Sucker Punch Productions began to develop Second Son while the PlayStation 4 was still being designed. Having finished work on Infamous: Festival of Blood, they began to plan a new entry in the Infamous series under the working title Infamous 3. As early as 2010, they discussed with Sony their desire to bring Infamous to a new PlayStation platform.

Sucker Punch were in close connection with the PS4's lead system architect Mark Cerny, who visited the studio several times. They gave Cerny feedback about how much power a new PlayStation system would require to render their ideal open world, how fast it would be capable of doing so and to what degree of texture detail. "We had some experience there that was useful for that team when they were planning some aspects of the hardware design", producer Brian Fleming explained. He found that during the PS4's development, there was a great level of interactivity between the system's designers and game developers such as Sucker Punch.

Sucker Punch made suggested improvements they would like to see for the DualShock 4 gamepad. Second Sons designer Jaime Griesemer traveled to Sony's headquarters in Japan to discuss such improvements. The developers found they were able to adopt the DualShock 4's touchpad into Second Sons gameplay (for example, players emulate the in-game fingerprint scanner using the DualShock 4 touchpad).

The game was envisioned to take full advantage of the hardware, without the imposition of porting to older platforms like the PlayStation 3. The hardware let developers improve the particle system that lights Delsin's face up while he draws neon power from billboards and add detailed reflections to the game world. The increased memory bandwidth let the team render characters with higher fidelity. They found the PS4's simplified architecture so easy to work with that they were able to reach very high graphical quality even though the hardware was new.
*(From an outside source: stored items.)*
lemma integral_norm_sq_step_cond_exp_le:
  fixes U Z :: "'a \<Rightarrow> real^'d" and a b :: "'a \<Rightarrow> real"
  assumes U_F: "U \<in> borel_measurable F" and [measurable]: "Z \<in> borel_measurable M"
    and Z_L2: "integrable M (\<lambda>\<omega>. (norm (Z \<omega>))\<^sup>2)"
    and "integrable M a" "integrable M b"
    and A_le: "AE \<omega> in M. (norm (U \<omega> - \<tau> *\<^sub>R vec_cond_exp M F Z \<omega>))\<^sup>2 \<le> a \<omega>"
    and D_le: "AE \<omega> in M. (norm (Z \<omega> - vec_cond_exp M F Z \<omega>))\<^sup>2 \<le> b \<omega>"
  shows "integrable M (\<lambda>\<omega>. (norm (U \<omega> - \<tau> *\<^sub>R Z \<omega>))\<^sup>2)"
    and "(\<integral>\<omega>. (norm (U \<omega> - \<tau> *\<^sub>R Z \<omega>))\<^sup>2 \<partial>M) \<le> (\<integral>\<omega>. a \<omega> \<partial>M) + \<tau>\<^sup>2 * (\<integral>\<omega>. b \<omega> \<partial>M)"
proof -
  define C where "C = vec_cond_exp M F Z"
  have A_F: "(\<lambda>\<omega>. U \<omega> - \<tau> *\<^sub>R C \<omega>) \<in> borel_measurable F"
    using U_F unfolding C_def by measurable
  have [measurable]: "C \<in> borel_measurable M" "U \<in> borel_measurable M"
    unfolding C_def by (intro measurable_from_subalg[OF subalg] U_F borel_measurable_vec_cond_exp)+
  have A_L2: "integrable M (\<lambda>\<omega>. (norm (U \<omega> - \<tau> *\<^sub>R C \<omega>))\<^sup>2)"
    by (rule integrable_nonneg_le[OF \<open>integrable M a\<close>]) (use A_le in \<open>measurable, auto simp: C_def\<close>)
  have D_L2: "integrable M (\<lambda>\<omega>. (norm (Z \<omega> - C \<omega>))\<^sup>2)"
    by (rule integrable_nonneg_le[OF \<open>integrable M b\<close>]) (use D_le in \<open>measurable, auto simp: C_def\<close>)
  have "(\<integral>\<omega>. (U \<omega> - \<tau> *\<^sub>R C \<omega>) \<bullet> (Z \<omega> - C \<omega>) \<partial>M) = 0"
    using integral_inner_vec_cond_exp_residual[OF A_F \<open>Z \<in> borel_measurable M\<close> A_L2 Z_L2]
    by (simp add: C_def)
  note pythagoras = integral_norm_sq_diff_orthogonal[OF _ _ A_L2 D_L2 this, of \<tau>]
  have split: "U \<omega> - \<tau> *\<^sub>R Z \<omega> = (U \<omega> - \<tau> *\<^sub>R C \<omega>) - \<tau> *\<^sub>R (Z \<omega> - C \<omega>)" for \<omega>
    by (simp add: algebra_simps)
  show "integrable M (\<lambda>\<omega>. (norm (U \<omega> - \<tau> *\<^sub>R Z \<omega>))\<^sup>2)"
    unfolding split using pythagoras(1) by simp
  have "(\<integral>\<omega>. (norm (U \<omega> - \<tau> *\<^sub>R Z \<omega>))\<^sup>2 \<partial>M)
      = (\<integral>\<omega>. (norm (U \<omega> - \<tau> *\<^sub>R C \<omega>))\<^sup>2 \<partial>M) + \<tau>\<^sup>2 * (\<integral>\<omega>. (norm (Z \<omega> - C \<omega>))\<^sup>2 \<partial>M)"
    unfolding split using pythagoras(2) by simp
  also have "\<dots> \<le> (\<integral>\<omega>. a \<omega> \<partial>M) + \<tau>\<^sup>2 * (\<integral>\<omega>. b \<omega> \<partial>M)"
    using A_le D_le
    by (intro add_mono mult_left_mono integral_mono_AE A_L2 D_L2 \<open>integrable M a\<close> \<open>integrable M b\<close>)
       (simp_all add: C_def)
  finally show "(\<integral>\<omega>. (norm (U \<omega> - \<tau> *\<^sub>R Z \<omega>))\<^sup>2 \<partial>M) \<le> (\<integral>\<omega>. a \<omega> \<partial>M) + \<tau>\<^sup>2 * (\<integral>\<omega>. b \<omega> \<partial>M)" .
qed

end

section \<open>One round of noisy aggregation\<close>

lemma (in prob_space) stochastic_gradient_step_mean_sq_le:
  fixes m :: "'a \<Rightarrow> real^'d" and g :: "'i \<Rightarrow> 'a \<Rightarrow> real^'d"
    and f :: "'i \<Rightarrow> real^'d \<Rightarrow> real" and grad :: "'i \<Rightarrow> real^'d \<Rightarrow> real^'d"
  assumes "finite K" and w_nonneg: "\<And>n. n \<in> K \<Longrightarrow> w n \<ge> 0" and w_sum: "(\<Sum>n\<in>K. w n) = 1"
    and smooth: "\<And>n x y. n \<in> K \<Longrightarrow> f n y - f n x \<le> (y - x) \<bullet> grad n x + \<theta> / 2 * (norm (y - x))\<^sup>2"
    and strconv: "\<And>n x y. n \<in> K \<Longrightarrow> f n y - f n x \<ge> (y - x) \<bullet> grad n x + \<rho> / 2 * (norm (y - x))\<^sup>2"
    and min: "\<And>n x. n \<in> K \<Longrightarrow> f n (xmin n) \<le> f n x"
    and gap: "\<And>n. n \<in> K \<Longrightarrow> f n xstar - f n (xmin n) \<le> \<Gamma>"
    and "\<theta> > 0" "\<tau> \<ge> 0" "\<theta> * \<tau> \<le> 1"
    and m_meas: "m \<in> borel_measurable M"
    and m_L2: "integrable M (\<lambda>\<omega>. (norm (m \<omega> - xstar))\<^sup>2)"
    and g_meas: "\<And>n. n \<in> K \<Longrightarrow> g n \<in> borel_measurable M"
    and g_bound: "\<And>n \<omega>. n \<in> K \<Longrightarrow> \<omega> \<in> space M \<Longrightarrow> norm (g n \<omega>) \<le> G"
    and unbiased: "\<And>n i. n \<in> K \<Longrightarrow>
        AE \<omega> in M. real_cond_exp M (vimage_algebra (space M) m borel) (\<lambda>\<omega>. g n \<omega> $ i) \<omega>
                     = grad n (m \<omega>) $ i"
    and var_int: "\<And>n. n \<in> K \<Longrightarrow> integrable M (\<lambda>\<omega>. (norm (g n \<omega> - grad n (m \<omega>)))\<^sup>2)"
    and var_bound: "\<And>n. n \<in> K \<Longrightarrow> expectation (\<lambda>\<omega>. (norm (g n \<omega> - grad n (m \<omega>)))\<^sup>2) \<le> V"
  defines "ghat \<equiv> \<lambda>\<omega>. \<Sum>n\<in>K. w n *\<^sub>R g n \<omega>"
  shows "integrable M (\<lambda>\<omega>. (norm (m \<omega> - xstar - \<tau> *\<^sub>R ghat \<omega>))\<^sup>2)"
    and "expectation (\<lambda>\<omega>. (norm (m \<omega> - xstar - \<tau> *\<^sub>R ghat \<omega>))\<^sup>2)
         \<le> (1 - \<rho> * \<tau>) * expectation (\<lambda>\<omega>. (norm (m \<omega> - xstar))\<^sup>2) + 2 * \<tau> * \<Gamma> + \<tau>\<^sup>2 * V"
proof -
  define F where "F = vimage_algebra (space M) m borel"
  interpret finite_measure_subalgebra M F
    by unfold_locales (simp add: F_def subalgebra_vimage_algebra m_meas)
  have U_F: "(\<lambda>\<omega>. m \<omega> - xstar) \<in> borel_measurable F"
    using measurable_vimage_algebra1[of m "space M" borel] unfolding F_def by measurable
  have [measurable]: "ghat \<in> borel_measurable M"
    unfolding ghat_def using g_meas by measurable
  have g_int: "integrable M (\<lambda>\<omega>. g n \<omega> $ i)" if "n \<in> K" for n i
    using g_meas[OF that] g_bound[OF that] component_le_norm_cart[of "g n _" i]
    by (intro integrable_const_bound[where B=G] AE_I2) (auto intro: order_trans)
  have "norm (ghat \<omega>) \<le> G" if "\<omega> \<in> space M" for \<omega>
    unfolding ghat_def by (intro norm_sum_scaleR_le[OF w_nonneg w_sum] g_bound that)
  then have ghat_L2: "integrable M (\<lambda>\<omega>. (norm (ghat \<omega>))\<^sup>2)"
    by (intro integrable_const_bound[where B="G\<^sup>2"] AE_I2) (auto intro: power_mono)
  have cond_exp_eq: "AE \<omega> in M. vec_cond_exp M F ghat \<omega> = (\<Sum>n\<in>K. w n *\<^sub>R grad n (m \<omega>))"
    unfolding ghat_def
    by (rule AE_vec_cond_exp_sum_scaleR_eq[OF \<open>finite K\<close>]) (auto intro: g_int unbiased[folded F_def])
  have A_le: "AE \<omega> in M. (norm (m \<omega> - xstar - \<tau> *\<^sub>R vec_cond_exp M F ghat \<omega>))\<^sup>2
                \<le> (1 - \<rho> * \<tau>) * (norm (m \<omega> - xstar))\<^sup>2 + 2 * \<tau> * \<Gamma>"
    using cond_exp_eq by eventually_elim
      (simp add: weighted_gradient_step_contraction[OF \<open>finite K\<close> w_nonneg w_sum smooth strconv min gap
        \<open>\<theta> > 0\<close> \<open>\<tau> \<ge> 0\<close> \<open>\<theta> * \<tau> \<le> 1\<close>])
  have D_le: "AE \<omega> in M. (norm (ghat \<omega> - vec_cond_exp M F ghat \<omega>))\<^sup>2
                \<le> (\<Sum>n\<in>K. w n * (norm (g n \<omega> - grad n (m \<omega>)))\<^sup>2)"
    using cond_exp_eq
  proof eventually_elim
    case (elim \<omega>)
    have "ghat \<omega> - vec_cond_exp M F ghat \<omega> = (\<Sum>n\<in>K. w n *\<^sub>R (g n \<omega> - grad n (m \<omega>)))"
      unfolding elim by (simp add: ghat_def scaleR_diff_right sum_subtractf)
    then show ?case by (simp add: norm_sum_scaleR_sq_le[OF \<open>finite K\<close> w_nonneg w_sum])
  qed
  have "integrable M (\<lambda>\<omega>. \<Sum>n\<in>K. w n * (norm (g n \<omega> - grad n (m \<omega>)))\<^sup>2)"
    using var_int by simp
  moreover have "integrable M (\<lambda>\<omega>. (1 - \<rho> * \<tau>) * (norm (m \<omega> - xstar))\<^sup>2 + 2 * \<tau> * \<Gamma>)"
    using m_L2 by simp
  ultimately have step:
    "integrable M (\<lambda>\<omega>. (norm (m \<omega> - xstar - \<tau> *\<^sub>R ghat \<omega>))\<^sup>2)"
    "expectation (\<lambda>\<omega>. (norm (m \<omega> - xstar - \<tau> *\<^sub>R ghat \<omega>))\<^sup>2)
       \<le> expectation (\<lambda>\<omega>. (1 - \<rho> * \<tau>) * (norm (m \<omega> - xstar))\<^sup>2 + 2 * \<tau> * \<Gamma>)
         + \<tau>\<^sup>2 * expectation (\<lambda>\<omega>. \<Sum>n\<in>K. w n * (norm (g n \<omega> - grad n (m \<omega>)))\<^sup>2)"
    using integral_norm_sq_step_cond_exp_le[OF U_F \<open>ghat \<in> borel_measurable M\<close> ghat_L2 _ _ A_le D_le]
    by simp_all
  show "integrable M (\<lambda>\<omega>. (norm (m \<omega> - xstar - \<tau> *\<^sub>R ghat \<omega>))\<^sup>2)"
    by (rule step(1))
  have "expectation (\<lambda>\<omega>. \<Sum>n\<in>K. w n * (norm (g n \<omega> - grad n (m \<omega>)))\<^sup>2) \<le> V"
    by (rule expectation_weighted_sum_le[OF w_nonneg w_sum var_int var_bound])
  then have "\<tau>\<^sup>2 * expectation (\<lambda>\<omega>. \<Sum>n\<in>K. w n * (norm (g n \<omega> - grad n (m \<omega>)))\<^sup>2) \<le> \<tau>\<^sup>2 * V"
    by (rule mult_left_mono) simp
  moreover have "expectation (\<lambda>\<omega>. (1 - \<rho> * \<tau>) * (norm (m \<omega> - xstar))\<^sup>2 + 2 * \<tau> * \<Gamma>)
      = (1 - \<rho> * \<tau>) * expectation (\<lambda>\<omega>. (norm (m \<omega> - xstar))\<^sup>2) + 2 * \<tau> * \<Gamma>"
    using m_L2 by (simp add: prob_space)
  ultimately show "expectation (\<lambda>\<omega>. (norm (m \<omega> - xstar - \<tau> *\<^sub>R ghat \<omega>))\<^sup>2)
      \<le> (1 - \<rho> * \<tau>) * expectation (\<lambda>\<omega>. (norm (m \<omega> - xstar))\<^sup>2) + 2 * \<tau> * \<Gamma> + \<tau>\<^sup>2 * V"
    using step(2) by linarith
qed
Over 110 developers worked on the game, a number that director Nate Fox considered small. He felt that working with a small team necessitated having a defined vision for the game from the outset, "to answer those first questions about what you want your game to be". Sometimes, ideas came about during development that would have to be thrown out for not fitting with the game's original vision. "We kill our darlings at Sucker Punch. It's not easy; it's necessary", Fox explained. Second Son displays a native resolution of 1080p at 30 frames per second.

=== Design ===

Second Sons graphical quality was possible because development was conducted on the PS4, which Sucker Punch found powerful and easy to use. Their research for the game world led to the reproduction of Seattle landmarks such as the Space Needle.
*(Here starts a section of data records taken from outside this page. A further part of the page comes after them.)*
(* Let $f:\mathbb{R}^n\times\mathbb{R}^m\to\mathbb{R}^n$ be a polynomial map and let $\boldsymbol\psi:\mathbb{R}^n\to\mathbb{R}^m$ be a Lipschitz continuous function whose graph satisfies \[ \{(x,\boldsymbol\psi(x)) : x\in\mathbb{R}^n\} = \{(x,u)\mid \exists\,\lambda\in\mathbb{R}^{n_\lambda}\ \text{s.t.}\ g(x,u,\lambda)\ge0,\ h(x,u,\lambda)=0\} \] for vector-valued polynomial maps $g,h$. Assume there exists $W\in C^2(\mathbb{R}^n)$ such that for all $x\in\mathbb{R}^n$, \[ W(f(x,\boldsymbol\psi(x))) - W(x)\le -\|x\|_2^2,\qquad W(x)\ge\|x\|_2^2. \] Let $\mathbf{X}\subset\mathbb{R}^n$ be compact and let \[ \mathbf{K}' = \{(x,x^+)\in\mathbb{R}^{2n}\mid x\in\mathbf{X},\ \exists\,(u,\lambda)\ \text{s.t.}\ g(x,u,\lambda)\ge0,\ h(x,u,\lambda)=0,\ x^+=f(x,u)\}. \] Then there exists a polynomial $V:\mathbb{R}^n\to\mathbb{R}$ such that for all $(x,x^+)\in\mathbf{K}'$, \[ V(x^+)-V(x)\le-\|x\|_2^2,\qquad V(x)\ge\|x\|_2^2. \] *)

theory Defs
  imports "HOL-Analysis.Analysis"
begin

inductive polyfun :: "('a::euclidean_space \<Rightarrow> real) \<Rightarrow> bool" where
  const: "polyfun (\<lambda>x. c)"
| coord: "b \<in> Basis \<Longrightarrow> polyfun (\<lambda>x. x \<bullet> b)"
| add: "polyfun p \<Longrightarrow> polyfun q \<Longrightarrow> polyfun (\<lambda>x. p x + q x)"
| mult: "polyfun p \<Longrightarrow> polyfun q \<Longrightarrow> polyfun (\<lambda>x. p x * q x)"

definition polymap :: "('a::euclidean_space \<Rightarrow> real ^ 'k) \<Rightarrow> bool" where
  "polymap F \<longleftrightarrow> (\<forall>i. polyfun (\<lambda>x. F x $ i))"

definition C2_fun :: "('a::euclidean_space \<Rightarrow> real) \<Rightarrow> bool" where
  "C2_fun W \<longleftrightarrow> (\<exists>(W' :: 'a \<Rightarrow> ('a \<Rightarrow>\<^sub>L real)) (W'' :: 'a \<Rightarrow> ('a \<Rightarrow>\<^sub>L ('a \<Rightarrow>\<^sub>L real))).
     (\<forall>x. (W has_derivative blinfun_apply (W' x)) (at x)) \<and>
     (\<forall>x. (W' has_derivative blinfun_apply (W'' x)) (at x)) \<and>
     continuous_on UNIV W'')"

end

theory Submission
  imports Defs
begin

text \<open>On \<open>K'\<close> only the closed-loop map \<open>F x = f (x, \<psi> x)\<close> matters, because the graph
condition forces \<open>u = \<psi> x\<close>. Iterating the decrease of \<open>W\<close> along the orbit of the origin
shows \<open>F 0 = 0\<close>; since \<open>f\<close> is polynomial and \<open>\<psi>\<close> Lipschitz, \<open>|F x| \<le> C |x|\<close> on \<open>X\<close>.
Taylor's formula writes \<open>W\<close> as its second-order Taylor polynomial at \<open>0\<close> plus \<open>|x|\<^sup>2 \<phi> x\<close>
with \<open>\<phi>\<close> continuous; replacing \<open>\<phi>\<close> by a Stone-Weierstrass approximation within \<open>\<delta>\<close> gives
a polynomial \<open>P\<close> with \<open>|P - W| \<le> \<delta> |x|\<^sup>2\<close> on \<open>X \<union> F X\<close>. For \<open>\<delta> = 1 / (2 (C\<^sup>2 + 1))\<close>
the polynomial \<open>V = 2 P\<close> absorbs this error in both Lyapunov inequalities.\<close>

lemma polyfun_sum:
  "finite S \<Longrightarrow> (\<And>i. i \<in> S \<Longrightarrow> polyfun (f i)) \<Longrightarrow> polyfun (\<lambda>x. \<Sum>i\<in>S. f i x)"
  by (induction S rule: finite_induct) (auto intro: polyfun.intros)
Sucker Punch elected to set Second Son in their hometown of Seattle as they could draw from their personal experiences
in the open world's design. During early development when team members debated where Second Son would be set, Seattle rated high on a list of possibilities. Fleming considered that the city had not been featured in many games prior to Second Son and so would not be "overblown", and felt that Seattle's weather and mixture of "old and new" architecture would make it an interesting setting. The team conducted fieldwork in Seattle's nearby forests with audio and video equipment, which was used to reproduce local flora and the chirping sounds of local American robins. Seattle landmarks such as Pioneer Square, the Space Needle and Elephant Car Washes feature in the game. The developers licensed logos and signs from local businesses. Griesemer called the game world an "abstraction" of Seattle rather than a re-creation since its layout did not suit Second Sons gameplay and required the team to make necessary changes. The team wanted to thematically explore Seattle's heritage of Pacific Northwest, American Indian tribes in the game.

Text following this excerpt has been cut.